◆ **Problem**: If a line in the listing below includes the word "forall", pick it out.

◆ **Data in this exercise**:

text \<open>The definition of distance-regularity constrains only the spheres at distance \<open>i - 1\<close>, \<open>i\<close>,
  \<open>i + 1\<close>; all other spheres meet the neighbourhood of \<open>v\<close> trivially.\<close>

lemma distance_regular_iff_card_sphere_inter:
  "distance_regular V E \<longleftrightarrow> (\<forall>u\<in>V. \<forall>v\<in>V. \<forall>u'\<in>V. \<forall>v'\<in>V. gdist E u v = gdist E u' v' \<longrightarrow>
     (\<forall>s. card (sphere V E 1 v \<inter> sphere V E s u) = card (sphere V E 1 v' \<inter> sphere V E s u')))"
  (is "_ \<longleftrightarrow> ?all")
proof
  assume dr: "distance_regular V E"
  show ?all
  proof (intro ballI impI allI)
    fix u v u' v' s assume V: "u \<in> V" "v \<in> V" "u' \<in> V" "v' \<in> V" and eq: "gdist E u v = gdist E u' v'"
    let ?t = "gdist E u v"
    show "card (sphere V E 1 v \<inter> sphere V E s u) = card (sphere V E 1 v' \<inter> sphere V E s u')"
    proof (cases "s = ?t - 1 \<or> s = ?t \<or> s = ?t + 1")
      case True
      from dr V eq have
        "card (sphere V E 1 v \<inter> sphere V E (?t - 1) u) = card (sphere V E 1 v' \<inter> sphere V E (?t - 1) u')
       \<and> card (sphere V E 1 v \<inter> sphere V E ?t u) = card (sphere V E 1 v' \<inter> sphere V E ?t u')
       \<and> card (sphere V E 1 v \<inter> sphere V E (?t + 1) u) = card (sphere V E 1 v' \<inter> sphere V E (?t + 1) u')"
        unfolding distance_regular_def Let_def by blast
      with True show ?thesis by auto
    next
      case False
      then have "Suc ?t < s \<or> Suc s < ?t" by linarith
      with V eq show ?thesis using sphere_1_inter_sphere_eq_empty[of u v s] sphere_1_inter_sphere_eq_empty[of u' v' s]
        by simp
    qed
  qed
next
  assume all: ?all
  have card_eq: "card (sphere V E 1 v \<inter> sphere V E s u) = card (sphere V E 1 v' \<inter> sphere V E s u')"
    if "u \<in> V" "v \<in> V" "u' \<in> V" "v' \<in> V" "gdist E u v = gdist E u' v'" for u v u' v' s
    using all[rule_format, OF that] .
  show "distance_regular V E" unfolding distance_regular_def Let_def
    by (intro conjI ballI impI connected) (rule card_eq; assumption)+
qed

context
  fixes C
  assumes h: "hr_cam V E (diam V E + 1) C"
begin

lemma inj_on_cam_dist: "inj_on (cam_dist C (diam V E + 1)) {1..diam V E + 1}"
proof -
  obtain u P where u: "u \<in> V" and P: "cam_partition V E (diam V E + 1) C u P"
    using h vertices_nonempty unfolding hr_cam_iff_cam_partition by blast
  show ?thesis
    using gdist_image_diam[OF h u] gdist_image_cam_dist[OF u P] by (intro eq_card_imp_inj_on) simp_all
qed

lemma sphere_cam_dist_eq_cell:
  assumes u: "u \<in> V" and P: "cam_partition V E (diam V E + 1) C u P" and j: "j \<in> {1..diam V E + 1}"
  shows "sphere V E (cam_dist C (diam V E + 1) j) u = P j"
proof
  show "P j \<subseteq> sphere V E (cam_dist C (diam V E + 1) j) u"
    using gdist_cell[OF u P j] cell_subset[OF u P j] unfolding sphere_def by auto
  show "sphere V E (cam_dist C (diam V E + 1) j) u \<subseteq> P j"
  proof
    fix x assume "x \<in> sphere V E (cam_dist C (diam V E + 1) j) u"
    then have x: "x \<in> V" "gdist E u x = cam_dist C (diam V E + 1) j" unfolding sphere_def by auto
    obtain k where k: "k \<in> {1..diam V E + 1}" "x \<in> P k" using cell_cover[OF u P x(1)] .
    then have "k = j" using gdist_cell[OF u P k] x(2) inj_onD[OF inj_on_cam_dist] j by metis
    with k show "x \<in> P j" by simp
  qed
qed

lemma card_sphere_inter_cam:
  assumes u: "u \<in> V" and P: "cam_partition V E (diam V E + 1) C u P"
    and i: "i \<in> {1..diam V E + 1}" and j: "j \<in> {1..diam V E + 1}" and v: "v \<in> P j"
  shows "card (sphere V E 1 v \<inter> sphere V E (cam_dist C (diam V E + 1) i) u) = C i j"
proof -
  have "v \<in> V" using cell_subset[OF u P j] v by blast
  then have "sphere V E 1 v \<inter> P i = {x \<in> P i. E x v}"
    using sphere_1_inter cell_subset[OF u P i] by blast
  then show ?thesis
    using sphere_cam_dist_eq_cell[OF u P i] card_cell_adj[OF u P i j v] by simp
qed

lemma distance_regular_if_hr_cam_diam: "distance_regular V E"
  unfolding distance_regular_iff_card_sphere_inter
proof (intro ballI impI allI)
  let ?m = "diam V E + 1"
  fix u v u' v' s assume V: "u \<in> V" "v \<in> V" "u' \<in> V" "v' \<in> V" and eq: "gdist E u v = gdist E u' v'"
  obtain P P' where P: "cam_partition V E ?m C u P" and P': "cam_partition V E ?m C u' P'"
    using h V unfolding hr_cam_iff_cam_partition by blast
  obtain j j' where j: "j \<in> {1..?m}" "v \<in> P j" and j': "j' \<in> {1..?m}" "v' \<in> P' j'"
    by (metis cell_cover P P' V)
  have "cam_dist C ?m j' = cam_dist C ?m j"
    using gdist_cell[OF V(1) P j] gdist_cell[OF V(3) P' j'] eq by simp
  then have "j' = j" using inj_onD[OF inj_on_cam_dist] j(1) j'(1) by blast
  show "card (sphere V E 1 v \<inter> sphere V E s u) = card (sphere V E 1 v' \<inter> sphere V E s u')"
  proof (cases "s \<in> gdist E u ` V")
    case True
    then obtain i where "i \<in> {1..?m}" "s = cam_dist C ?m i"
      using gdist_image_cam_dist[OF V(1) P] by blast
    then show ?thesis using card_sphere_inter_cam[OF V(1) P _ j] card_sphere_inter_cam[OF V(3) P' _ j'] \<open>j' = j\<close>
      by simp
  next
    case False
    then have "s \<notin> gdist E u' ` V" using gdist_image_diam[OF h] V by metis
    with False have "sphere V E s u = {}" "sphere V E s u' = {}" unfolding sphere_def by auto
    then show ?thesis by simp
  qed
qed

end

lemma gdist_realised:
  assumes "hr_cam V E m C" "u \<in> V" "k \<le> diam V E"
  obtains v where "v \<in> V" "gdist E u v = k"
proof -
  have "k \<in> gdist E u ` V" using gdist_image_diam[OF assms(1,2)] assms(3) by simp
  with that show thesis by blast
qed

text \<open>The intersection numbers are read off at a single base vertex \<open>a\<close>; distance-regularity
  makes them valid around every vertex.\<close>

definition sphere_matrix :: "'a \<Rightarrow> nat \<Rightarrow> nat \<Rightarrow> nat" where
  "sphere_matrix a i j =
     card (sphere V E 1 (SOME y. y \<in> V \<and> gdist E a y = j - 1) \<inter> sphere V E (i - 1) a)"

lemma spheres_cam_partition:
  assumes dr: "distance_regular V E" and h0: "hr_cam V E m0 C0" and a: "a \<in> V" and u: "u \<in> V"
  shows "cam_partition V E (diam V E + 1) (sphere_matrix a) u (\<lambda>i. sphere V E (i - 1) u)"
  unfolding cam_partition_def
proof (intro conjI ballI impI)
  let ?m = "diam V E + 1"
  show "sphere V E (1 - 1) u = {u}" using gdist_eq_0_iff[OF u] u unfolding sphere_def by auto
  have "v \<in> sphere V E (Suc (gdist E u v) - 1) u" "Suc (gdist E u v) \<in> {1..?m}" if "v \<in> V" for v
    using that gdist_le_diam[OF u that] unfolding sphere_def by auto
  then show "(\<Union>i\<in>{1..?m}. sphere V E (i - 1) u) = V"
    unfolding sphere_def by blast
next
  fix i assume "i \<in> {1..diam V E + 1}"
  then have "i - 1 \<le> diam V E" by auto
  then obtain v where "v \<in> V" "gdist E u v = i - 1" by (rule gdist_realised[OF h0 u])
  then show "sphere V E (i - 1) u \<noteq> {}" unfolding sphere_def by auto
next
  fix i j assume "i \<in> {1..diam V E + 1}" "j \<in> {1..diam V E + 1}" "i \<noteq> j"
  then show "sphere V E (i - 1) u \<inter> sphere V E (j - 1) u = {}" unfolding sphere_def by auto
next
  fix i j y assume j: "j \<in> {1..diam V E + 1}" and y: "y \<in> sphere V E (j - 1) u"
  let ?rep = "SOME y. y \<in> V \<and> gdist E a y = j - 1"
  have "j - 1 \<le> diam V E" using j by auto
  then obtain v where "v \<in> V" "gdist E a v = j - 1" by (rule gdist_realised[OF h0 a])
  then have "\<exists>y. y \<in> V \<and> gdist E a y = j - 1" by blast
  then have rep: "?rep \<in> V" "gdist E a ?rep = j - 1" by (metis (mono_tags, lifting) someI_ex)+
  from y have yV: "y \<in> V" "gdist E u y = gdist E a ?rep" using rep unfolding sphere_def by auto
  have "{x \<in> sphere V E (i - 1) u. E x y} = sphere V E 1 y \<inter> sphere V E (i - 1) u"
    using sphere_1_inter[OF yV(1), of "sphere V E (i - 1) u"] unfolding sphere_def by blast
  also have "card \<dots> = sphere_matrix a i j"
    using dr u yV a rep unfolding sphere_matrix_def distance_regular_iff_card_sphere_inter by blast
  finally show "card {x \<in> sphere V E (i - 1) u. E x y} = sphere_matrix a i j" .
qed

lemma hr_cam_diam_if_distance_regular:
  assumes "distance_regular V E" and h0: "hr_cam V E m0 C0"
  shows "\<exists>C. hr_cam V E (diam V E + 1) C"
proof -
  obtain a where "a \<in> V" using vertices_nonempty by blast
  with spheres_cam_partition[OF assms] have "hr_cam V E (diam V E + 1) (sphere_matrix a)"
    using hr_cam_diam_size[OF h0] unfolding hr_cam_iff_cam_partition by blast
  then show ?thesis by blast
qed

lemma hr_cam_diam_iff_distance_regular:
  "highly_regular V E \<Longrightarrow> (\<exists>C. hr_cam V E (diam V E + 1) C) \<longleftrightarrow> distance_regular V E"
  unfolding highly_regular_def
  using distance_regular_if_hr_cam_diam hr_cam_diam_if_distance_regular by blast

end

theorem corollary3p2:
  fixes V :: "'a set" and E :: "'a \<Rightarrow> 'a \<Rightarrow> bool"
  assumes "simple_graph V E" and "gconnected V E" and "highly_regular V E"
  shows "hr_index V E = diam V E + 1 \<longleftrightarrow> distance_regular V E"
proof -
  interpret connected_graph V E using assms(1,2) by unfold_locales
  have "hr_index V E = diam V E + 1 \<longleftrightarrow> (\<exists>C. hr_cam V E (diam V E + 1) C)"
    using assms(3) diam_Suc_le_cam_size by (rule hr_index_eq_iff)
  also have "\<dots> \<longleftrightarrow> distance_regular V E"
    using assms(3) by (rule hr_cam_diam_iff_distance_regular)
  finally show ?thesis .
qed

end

◆ **Answer area**:
  "distance_regular V E \<longleftrightarrow> (\<forall>u\<in>V. \<forall>v\<in>V. \<forall>u'\<in>V. \<forall>v'\<in>V. gdist E u v = gdist E u' v' \<longrightarrow>
     (\<forall>s. card (sphere V E 1 v \<inter> sphere V E s u) = card (sphere V E 1 v' \<inter> sphere V E s u')))"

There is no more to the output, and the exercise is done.